=== Exercise directions ===
All of the entries below must be copied out exactly.

=== Exercise inputs ===
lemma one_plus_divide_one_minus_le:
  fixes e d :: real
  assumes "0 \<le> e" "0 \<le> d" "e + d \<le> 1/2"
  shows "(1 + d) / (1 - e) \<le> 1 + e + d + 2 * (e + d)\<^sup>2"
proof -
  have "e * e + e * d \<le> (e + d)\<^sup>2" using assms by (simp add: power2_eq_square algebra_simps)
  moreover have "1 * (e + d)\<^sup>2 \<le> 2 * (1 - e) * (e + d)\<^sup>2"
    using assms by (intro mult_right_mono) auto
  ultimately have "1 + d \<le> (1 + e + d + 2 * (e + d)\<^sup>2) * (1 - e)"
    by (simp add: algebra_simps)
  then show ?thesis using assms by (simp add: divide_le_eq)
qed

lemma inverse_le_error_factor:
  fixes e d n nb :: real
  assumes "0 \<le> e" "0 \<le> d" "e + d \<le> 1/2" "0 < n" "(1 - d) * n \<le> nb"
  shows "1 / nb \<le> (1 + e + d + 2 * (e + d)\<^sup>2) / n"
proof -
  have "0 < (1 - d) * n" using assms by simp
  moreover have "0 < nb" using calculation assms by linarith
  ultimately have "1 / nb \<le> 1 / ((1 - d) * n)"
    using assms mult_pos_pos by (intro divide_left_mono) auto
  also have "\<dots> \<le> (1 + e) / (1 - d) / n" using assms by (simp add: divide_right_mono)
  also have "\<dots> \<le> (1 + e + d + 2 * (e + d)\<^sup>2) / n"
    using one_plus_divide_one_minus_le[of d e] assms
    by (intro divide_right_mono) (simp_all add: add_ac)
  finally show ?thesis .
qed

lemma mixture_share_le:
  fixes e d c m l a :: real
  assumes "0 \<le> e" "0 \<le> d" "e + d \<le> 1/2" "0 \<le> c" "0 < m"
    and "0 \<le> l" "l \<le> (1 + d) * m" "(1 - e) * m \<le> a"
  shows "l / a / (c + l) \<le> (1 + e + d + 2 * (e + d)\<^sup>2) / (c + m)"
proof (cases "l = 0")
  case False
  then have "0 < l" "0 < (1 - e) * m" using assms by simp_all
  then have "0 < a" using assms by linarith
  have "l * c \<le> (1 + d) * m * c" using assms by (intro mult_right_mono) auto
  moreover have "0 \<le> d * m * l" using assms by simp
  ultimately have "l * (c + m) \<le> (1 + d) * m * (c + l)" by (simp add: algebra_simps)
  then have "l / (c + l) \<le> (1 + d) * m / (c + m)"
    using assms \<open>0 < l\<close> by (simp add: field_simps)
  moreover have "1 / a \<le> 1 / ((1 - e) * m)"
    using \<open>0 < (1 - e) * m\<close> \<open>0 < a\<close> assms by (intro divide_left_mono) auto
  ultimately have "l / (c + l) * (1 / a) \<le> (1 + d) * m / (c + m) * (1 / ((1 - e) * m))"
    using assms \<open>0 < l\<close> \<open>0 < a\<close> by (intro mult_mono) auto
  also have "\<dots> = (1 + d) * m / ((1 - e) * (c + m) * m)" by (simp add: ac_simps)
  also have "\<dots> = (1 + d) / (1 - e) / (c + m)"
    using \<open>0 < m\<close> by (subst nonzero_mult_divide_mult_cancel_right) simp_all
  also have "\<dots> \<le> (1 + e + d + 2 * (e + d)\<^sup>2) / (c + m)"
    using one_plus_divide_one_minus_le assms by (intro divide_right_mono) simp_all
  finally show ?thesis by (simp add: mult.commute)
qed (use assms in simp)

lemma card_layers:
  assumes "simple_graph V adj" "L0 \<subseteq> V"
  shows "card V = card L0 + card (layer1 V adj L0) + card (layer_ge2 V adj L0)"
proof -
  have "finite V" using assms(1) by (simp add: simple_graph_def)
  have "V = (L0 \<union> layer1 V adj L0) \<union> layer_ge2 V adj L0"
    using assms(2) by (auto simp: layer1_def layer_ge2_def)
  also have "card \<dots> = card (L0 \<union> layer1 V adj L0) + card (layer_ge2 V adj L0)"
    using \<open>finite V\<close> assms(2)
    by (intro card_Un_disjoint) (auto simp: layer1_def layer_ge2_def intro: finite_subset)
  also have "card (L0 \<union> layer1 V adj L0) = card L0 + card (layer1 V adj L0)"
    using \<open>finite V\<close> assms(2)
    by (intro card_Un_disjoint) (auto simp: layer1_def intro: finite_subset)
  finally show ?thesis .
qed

=== Response ===
lemma one_plus_divide_one_minus_le:
  fixes e d :: real
  assumes "0 \<le> e" "0 \<le> d" "e + d \<le> 1/2"
  shows "(1 + d) / (1 - e) \<le> 1 + e + d + 2 * (e + d)\<^sup>2"
proof -
  have "e * e + e * d \<le> (e + d)\<^sup>2" using assms by (simp add: power2_eq_square algebra_simps)
  moreover have "1 * (e + d)\<^sup>2 \<le> 2 * (1 - e) * (e + d)\<^sup>2"
    using assms by (intro mult_right_mono) auto
  ultimately have "1 + d \<le> (1 + e + d + 2 * (e + d)\<^sup>2) * (1 - e)"
    by (simp add: algebra_simps)
  then show ?thesis using assms by (simp add: divide_le_eq)
qed

lemma inverse_le_error_factor:
  fixes e d n nb :: real
  assumes "0 \<le> e" "0 \<le> d" "e + d \<le> 1/2" "0 < n" "(1 - d) * n \<le> nb"
  shows "1 / nb \<le> (1 + e + d + 2 * (e + d)\<^sup>2) / n"
proof -
  have "0 < (1 - d) * n" using assms by simp
  moreover have "0 < nb" using calculation assms by linarith
  ultimately have "1 / nb \<le> 1 / ((1 - d) * n)"
    using assms mult_pos_pos by (intro divide_left_mono) auto
  also have "\<dots> \<le> (1 + e) / (1 - d) / n" using assms by (simp add: divide_right_mono)
  also have "\<dots> \<le> (1 + e + d + 2 * (e + d)\<^sup>2) / n"
    using one_plus_divide_one_minus_le[of d e] assms
    by (intro divide_right_mono) (simp_all add: add_ac)
  finally show ?thesis .
qed

lemma mixture_share_le:
  fixes e d c m l a :: real
  assumes "0 \<le> e" "0 \<le> d" "e + d \<le> 1/2" "0 \<le> c" "0 < m"
    and "0 \<le> l" "l \<le> (1 + d) * m" "(1 - e) * m \<le> a"
  shows "l / a / (c + l) \<le> (1 + e + d + 2 * (e + d)\<^sup>2) / (c + m)"
proof (cases "l = 0")
  case False
  then have "0 < l" "0 < (1 - e) * m" using assms by simp_all
  then have "0 < a" using assms by linarith
  have "l * c \<le> (1 + d) * m * c" using assms by (intro mult_right_mono) auto
  moreover have "0 \<le> d * m * l" using assms by simp
  ultimately have "l * (c + m) \<le> (1 + d) * m * (c + l)" by (simp add: algebra_simps)
  then have "l / (c + l) \<le> (1 + d) * m / (c + m)"
    using assms \<open>0 < l\<close> by (simp add: field_simps)
  moreover have "1 / a \<le> 1 / ((1 - e) * m)"
    using \<open>0 < (1 - e) * m\<close> \<open>0 < a\<close> assms by (intro divide_left_mono) auto
  ultimately have "l / (c + l) * (1 / a) \<le> (1 + d) * m / (c + m) * (1 / ((1 - e) * m))"
    using assms \<open>0 < l\<close> \<open>0 < a\<close> by (intro mult_mono) auto
  also have "\<dots> = (1 + d) * m / ((1 - e) * (c + m) * m)" by (simp add: ac_simps)
  also have "\<dots> = (1 + d) / (1 - e) / (c + m)"
    using \<open>0 < m\<close> by (subst nonzero_mult_divide_mult_cancel_right) simp_all
  also have "\<dots> \<le> (1 + e + d + 2 * (e + d)\<^sup>2) / (c + m)"
    using one_plus_divide_one_minus_le assms by (intro divide_right_mono) simp_all
  finally show ?thesis by (simp add: mult.commute)
qed (use assms in simp)

lemma card_layers:
  assumes "simple_graph V adj" "L0 \<subseteq> V"
  shows "card V = card L0 + card (layer1 V adj L0) + card (layer_ge2 V adj L0)"
proof -
  have "finite V" using assms(1) by (simp add: simple_graph_def)
  have "V = (L0 \<union> layer1 V adj L0) \<union> layer_ge2 V adj L0"
    using assms(2) by (auto simp: layer1_def layer_ge2_def)
  also have "card \<dots> = card (L0 \<union> layer1 V adj L0) + card (layer_ge2 V adj L0)"
    using \<open>finite V\<close> assms(2)
    by (intro card_Un_disjoint) (auto simp: layer1_def layer_ge2_def intro: finite_subset)
  also have "card (L0 \<union> layer1 V adj L0) = card L0 + card (layer1 V adj L0)"
    using \<open>finite V\<close> assms(2)
    by (intro card_Un_disjoint) (auto simp: layer1_def intro: finite_subset)
  finally show ?thesis .
qed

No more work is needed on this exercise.